● Task to complete: Please give, exactly as they appear below, the line with "then obtain j" and every line after it through the final one, and nothing else.

● Material to process:
(* Let $H$ and $H'$ be uniform hypertrees (each $s$-uniform for some $s\ge2$) with $X_H=X_{H'}$. Then $H$ and $H'$ have the same degree sequence; that is, the degree sequence of a uniform hypertree is determined by its chromatic symmetric function.
   Context: A hypergraph $H=(V,E)$ has $V$ finite and $E$ a set of subsets of $V$ of size at least $2$; it is $s$-uniform if all hyperedges have size $s$. A walk is a sequence $(v_1,e_1,\dots,v_\ell,e_\ell,v_{\ell+1})$, $\ell>0$, with $v_i,v_{i+1}\in e_i\in E$; a path has all vertices and hyperedges distinct; a cycle has $\ell\ge2$ and all vertices and hyperedges distinct except $v_1=v_{\ell+1}$. A hypertree is a connected (any two vertices joined by a path) hypergraph with no cycles. The chromatic symmetric function is $X_H=\sum_f\prod_{v\in V}x_{f(v)}$ in commuting variables $x_1,x_2,\dots$, summed over all $f:V\to\{1,2,\dots\}$ under which no hyperedge is monochromatic. The degree of $v$ is $|\{e\in E: v\in e\}|$, and the degree sequence is the multiset of all vertex degrees listed in weakly decreasing order. *)

theory Defs
  imports Main "HOL-Library.FuncSet" "HOL-Library.Multiset"
begin

definition hypergraph :: "'a set \<Rightarrow> 'a set set \<Rightarrow> bool" where
  "hypergraph V E \<longleftrightarrow> finite V \<and> (\<forall>e\<in>E. e \<subseteq> V \<and> card e \<ge> 2)"

definition uniform :: "nat \<Rightarrow> 'a set set \<Rightarrow> bool" where
  "uniform s E \<longleftrightarrow> (\<forall>e\<in>E. card e = s)"

definition is_walk :: "'a set set \<Rightarrow> 'a list \<Rightarrow> 'a set list \<Rightarrow> bool" where
  "is_walk E vs es \<longleftrightarrow> es \<noteq> [] \<and> length vs = Suc (length es) \<and>
     (\<forall>i<length es. es ! i \<in> E \<and> vs ! i \<in> es ! i \<and> vs ! Suc i \<in> es ! i)"

definition is_path :: "'a set set \<Rightarrow> 'a list \<Rightarrow> 'a set list \<Rightarrow> bool" where
  "is_path E vs es \<longleftrightarrow> is_walk E vs es \<and> distinct vs \<and> distinct es"

definition is_cycle :: "'a set set \<Rightarrow> 'a list \<Rightarrow> 'a set list \<Rightarrow> bool" where
  "is_cycle E vs es \<longleftrightarrow> is_walk E vs es \<and> length es \<ge> 2 \<and>
     distinct (butlast vs) \<and> distinct es \<and> hd vs = last vs"

definition connected_hg :: "'a set \<Rightarrow> 'a set set \<Rightarrow> bool" where
  "connected_hg V E \<longleftrightarrow> (\<forall>u\<in>V. \<forall>v\<in>V. u \<noteq> v \<longrightarrow>
     (\<exists>vs es. is_path E vs es \<and> hd vs = u \<and> last vs = v))"

definition hypertree :: "'a set \<Rightarrow> 'a set set \<Rightarrow> bool" where
  "hypertree V E \<longleftrightarrow> hypergraph V E \<and> connected_hg V E \<and> \<not> (\<exists>vs es. is_cycle E vs es)"

definition proper_colouring :: "'a set set \<Rightarrow> ('a \<Rightarrow> nat) \<Rightarrow> bool" where
  "proper_colouring E f \<longleftrightarrow> (\<forall>e\<in>E. \<not> (\<exists>c. \<forall>v\<in>e. f v = c))"

text \<open>The chromatic symmetric function X_H, represented by its coefficient function:
  the coefficient of the monomial prod_i x_i^(alpha i) is the number of proper colourings
  f : V \<rightarrow> colours with exactly alpha i vertices of colour i.  (Colours are indexed by nat.)\<close>
definition csf :: "'a set \<Rightarrow> 'a set set \<Rightarrow> (nat \<Rightarrow> nat) \<Rightarrow> nat" where
  "csf V E \<alpha> = card {f \<in> V \<rightarrow>\<^sub>E (UNIV :: nat set). proper_colouring E f \<and>
        (\<forall>i. card {v\<in>V. f v = i} = \<alpha> i)}"

definition degree :: "'a set set \<Rightarrow> 'a \<Rightarrow> nat" where
  "degree E v = card {e\<in>E. v \<in> e}"

definition degree_sequence :: "'a set \<Rightarrow> 'a set set \<Rightarrow> nat list" where
  "degree_sequence V E = rev (sorted_list_of_multiset (image_mset (degree E) (mset_set V)))"

end

(*
  For a uniform hyperforest, removing leaf edges one at a time shows that its chromatic polynomial
  is k^c (k^(s-1) - 1)^m, where m is the number of edges and c = |V| - (s-1) m.  This polynomial is
  read off X_H, and it determines c, m and (if m > 0) s.

  The number of proper colourings with colours 0..k in which colour k is used exactly once is read
  off X_H as well.  Sorting these colourings by the vertex v of colour k gives the sum over v of the
  chromatic polynomial of H with v and its edges deleted, that is
  k^(c-1) * (sum over v of t^(deg v) (t-1)^(m - deg v)) with t = k^(s-1).  Dividing by
  k^(c-1) (t-1)^m yields the power sums of the degrees at y = t/(t-1), for infinitely many y, and
  these determine the multiset of degrees.
*)
theory Submission
  imports Defs "HOL-Computational_Algebra.Polynomial"
begin

section \<open>Hyperforests and their leaf edges\<close>

definition hyperforest :: "'a set \<Rightarrow> 'a set set \<Rightarrow> bool" where
  "hyperforest V E \<longleftrightarrow> hypergraph V E \<and> \<not> (\<exists>vs es. is_cycle E vs es)"

lemma hypertree_imp_hyperforest: "hypertree V E \<Longrightarrow> hyperforest V E"
  by (simp add: hypertree_def hyperforest_def)

lemma hyperforest_finite_edges: "hyperforest V E \<Longrightarrow> finite E"
  unfolding hyperforest_def hypergraph_def by (meson PowI finite_Pow_iff finite_subset subsetI)

lemma ex_neq_if_card_ge_2: "card e \<ge> 2 \<Longrightarrow> x \<in> e \<Longrightarrow> \<exists>y\<in>e. y \<noteq> x"
proof (rule ccontr)
  assume "card e \<ge> 2" "x \<in> e" "\<not> (\<exists>y\<in>e. y \<noteq> x)"
  then have "e = {x}" by blast
  with \<open>card e \<ge> 2\<close> show False by simp
qed

lemma is_cycle_mono: "is_cycle E' vs es \<Longrightarrow> E' \<subseteq> E \<Longrightarrow> is_cycle E vs es"
  unfolding is_cycle_def is_walk_def by blast

lemma hyperforest_subgraph:
  assumes "hyperforest V E" "V' \<subseteq> V" "E' \<subseteq> E" "\<forall>e\<in>E'. e \<subseteq> V'"
  shows "hyperforest V' E'"
proof -
  have "finite V'" using assms(1,2) finite_subset by (auto simp: hyperforest_def hypergraph_def)
  moreover have "\<forall>e\<in>E'. card e \<ge> 2"
    using assms(1,3) by (auto simp: hyperforest_def hypergraph_def)
  moreover have "\<not> (\<exists>vs es. is_cycle E' vs es)"
    using assms(1,3) is_cycle_mono[of E' _ _ E] by (auto simp: hyperforest_def)
  ultimately show ?thesis using assms(4) by (simp add: hyperforest_def hypergraph_def)
qed

lemma path_chord_imp_cycle:
  assumes P: "is_path E vs es" and ij: "i < j" "j < length vs"
    and g: "g \<in> E" "g \<notin> set (drop i (take j es))" "vs ! i \<in> g" "vs ! j \<in> g"
  shows "\<exists>vs es. is_cycle E vs es"
proof -
  have dv: "distinct vs" and de: "distinct es" and len: "length vs = Suc (length es)"
    and step: "\<And>t. t < length es \<Longrightarrow> es ! t \<in> E \<and> vs ! t \<in> es ! t \<and> vs ! Suc t \<in> es ! t"
    using P by (auto simp: is_path_def is_walk_def)
  define seg where "seg = drop i (take j es)"
  define sv where "sv = drop i (take (Suc j) vs)"
  have lseg: "length seg = j - i" and lsv: "length sv = Suc (j - i)"
    using ij len by (auto simp: seg_def sv_def)
  have seg_nth: "t < j - i \<Longrightarrow> seg ! t = es ! (i + t)" for t
    using ij len by (simp add: seg_def)
  have sv_nth: "t \<le> j - i \<Longrightarrow> sv ! t = vs ! (i + t)" for t
    using ij len by (simp add: sv_def)
  have "is_cycle E (sv @ [vs ! i]) (seg @ [g])"
    unfolding is_cycle_def is_walk_def
  proof (intro conjI)
    show "\<forall>t<length (seg @ [g]). (seg @ [g]) ! t \<in> E \<and> (sv @ [vs ! i]) ! t \<in> (seg @ [g]) ! t
          \<and> (sv @ [vs ! i]) ! Suc t \<in> (seg @ [g]) ! t"
    proof (intro allI impI)
      fix t assume t: "t < length (seg @ [g])"
      show "(seg @ [g]) ! t \<in> E \<and> (sv @ [vs ! i]) ! t \<in> (seg @ [g]) ! t
            \<and> (sv @ [vs ! i]) ! Suc t \<in> (seg @ [g]) ! t"
      proof (cases "t < j - i")
        case True
        then show ?thesis
          using step[of "i + t"] ij len lseg lsv seg_nth sv_nth[of t] sv_nth[of "Suc t"]
          by (simp add: nth_append)
      next
        case False
        then have "t = j - i" using t lseg by simp
        then show ?thesis using g lseg lsv sv_nth[of t] ij by (simp add: nth_append)
      qed
    qed
    show "distinct (butlast (sv @ [vs ! i]))"
      using dv by (simp add: sv_def distinct_drop distinct_take)
    show "distinct (seg @ [g])"
      using de g(2) by (simp add: seg_def distinct_drop distinct_take)
    show "hd (sv @ [vs ! i]) = last (sv @ [vs ! i])"
      using lsv sv_nth[of 0] by (simp add: hd_conv_nth nth_append)
    show "length (sv @ [vs ! i]) = Suc (length (seg @ [g]))" "2 \<le> length (seg @ [g])"
      using lseg lsv ij by simp_all
  qed simp
  then show ?thesis by blast
qed

lemma path_length_le_card_edges:
  assumes "finite E" "is_path E vs es"
  shows "length es \<le> card E"
proof -
  have "set es \<subseteq> E" and "distinct es"
    using assms(2) by (auto simp: is_path_def is_walk_def in_set_conv_nth)
  then show ?thesis using card_mono[OF assms(1)] distinct_card by metis
qed

lemma ex_longest_path:
  assumes "finite E" "is_path E vs es"
  shows "\<exists>vs es. is_path E vs es \<and> (\<forall>vs' es'. is_path E vs' es' \<longrightarrow> length es' \<le> length es)"
proof -
  let ?P = "\<lambda>n. \<exists>vs es. is_path E vs es \<and> length es = n"
  obtain n where "?P n" and "\<forall>n'. ?P n' \<longrightarrow> n' \<le> n"
    using Nat.ex_has_greatest_nat[of ?P "length es" "card E"] assms path_length_le_card_edges
    by blast
  then show ?thesis by blast
qed

text \<open>Another edge through the first vertex would either close a cycle with the path or extend it.\<close>
lemma longest_path_start_in_unique_edge:
  assumes "hyperforest V E" and P: "is_path E vs es"
    and longest: "\<And>vs' es'. is_path E vs' es' \<Longrightarrow> length es' \<le> length es"
    and f: "f \<in> E" "hd vs \<in> f"
  shows "f = hd es"
proof (rule ccontr)
  assume fne: "f \<noteq> hd es"
  have acyc: "\<not> (\<exists>vs es. is_cycle E vs es)" and c2: "card f \<ge> 2"
    using assms(1) f by (auto simp: hyperforest_def hypergraph_def)
  have esne: "es \<noteq> []" and len: "length vs = Suc (length es)" and de: "distinct es"
    and step: "\<And>t. t < length es \<Longrightarrow> es ! t \<in> E \<and> vs ! t \<in> es ! t \<and> vs ! Suc t \<in> es ! t"
    using P by (auto simp: is_path_def is_walk_def)
  have hd0: "hd vs = vs ! 0" using len by (cases vs) auto
  show False
  proof (cases "f \<in> set es")
    case True
    then obtain i where i: "i < length es" "es ! i = f" by (auto simp: in_set_conv_nth)
    have "0 < i" using i fne esne by (cases i) (auto simp: hd_conv_nth)
    moreover have "f \<notin> set (drop 0 (take i es))"
      using de i by (auto simp: in_set_conv_nth nth_eq_iff_index_eq)
    moreover have "i < length vs" "vs ! 0 \<in> f" "vs ! i \<in> f"
      using i step[of i] len f hd0 by auto
    ultimately show False
      using path_chord_imp_cycle[OF P, of 0 i f] f(1) acyc by blast
  next
    case False
    obtain z where z: "z \<in> f" "z \<noteq> hd vs" using ex_neq_if_card_ge_2[OF c2 f(2)] by blast
    show False
    proof (cases "z \<in> set vs")
      case True
      then obtain j where j: "j < length vs" "vs ! j = z" by (auto simp: in_set_conv_nth)
      have "0 < j" using j z hd0 by (cases j) auto
      then show False
        using path_chord_imp_cycle[OF P _ j(1) f(1)] False j z f hd0 acyc
        by (auto dest: in_set_takeD in_set_dropD)
    next
      case z_new: False
      have "is_path E (z # vs) (f # es)"
        using P z_new False z f hd0 len
        unfolding is_path_def is_walk_def by (auto simp: nth_Cons split: nat.split)
      then show False using longest by fastforce
    qed
  qed
qed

● Exercise output:
      then obtain j where j: "j < length vs" "vs ! j = z" by (auto simp: in_set_conv_nth)
      have "0 < j" using j z hd0 by (cases j) auto
      then show False
        using path_chord_imp_cycle[OF P _ j(1) f(1)] False j z f hd0 acyc
        by (auto dest: in_set_takeD in_set_dropD)
    next
      case z_new: False
      have "is_path E (z # vs) (f # es)"
        using P z_new False z f hd0 len
        unfolding is_path_def is_walk_def by (auto simp: nth_Cons split: nat.split)
      then show False using longest by fastforce
    qed
  qed
qed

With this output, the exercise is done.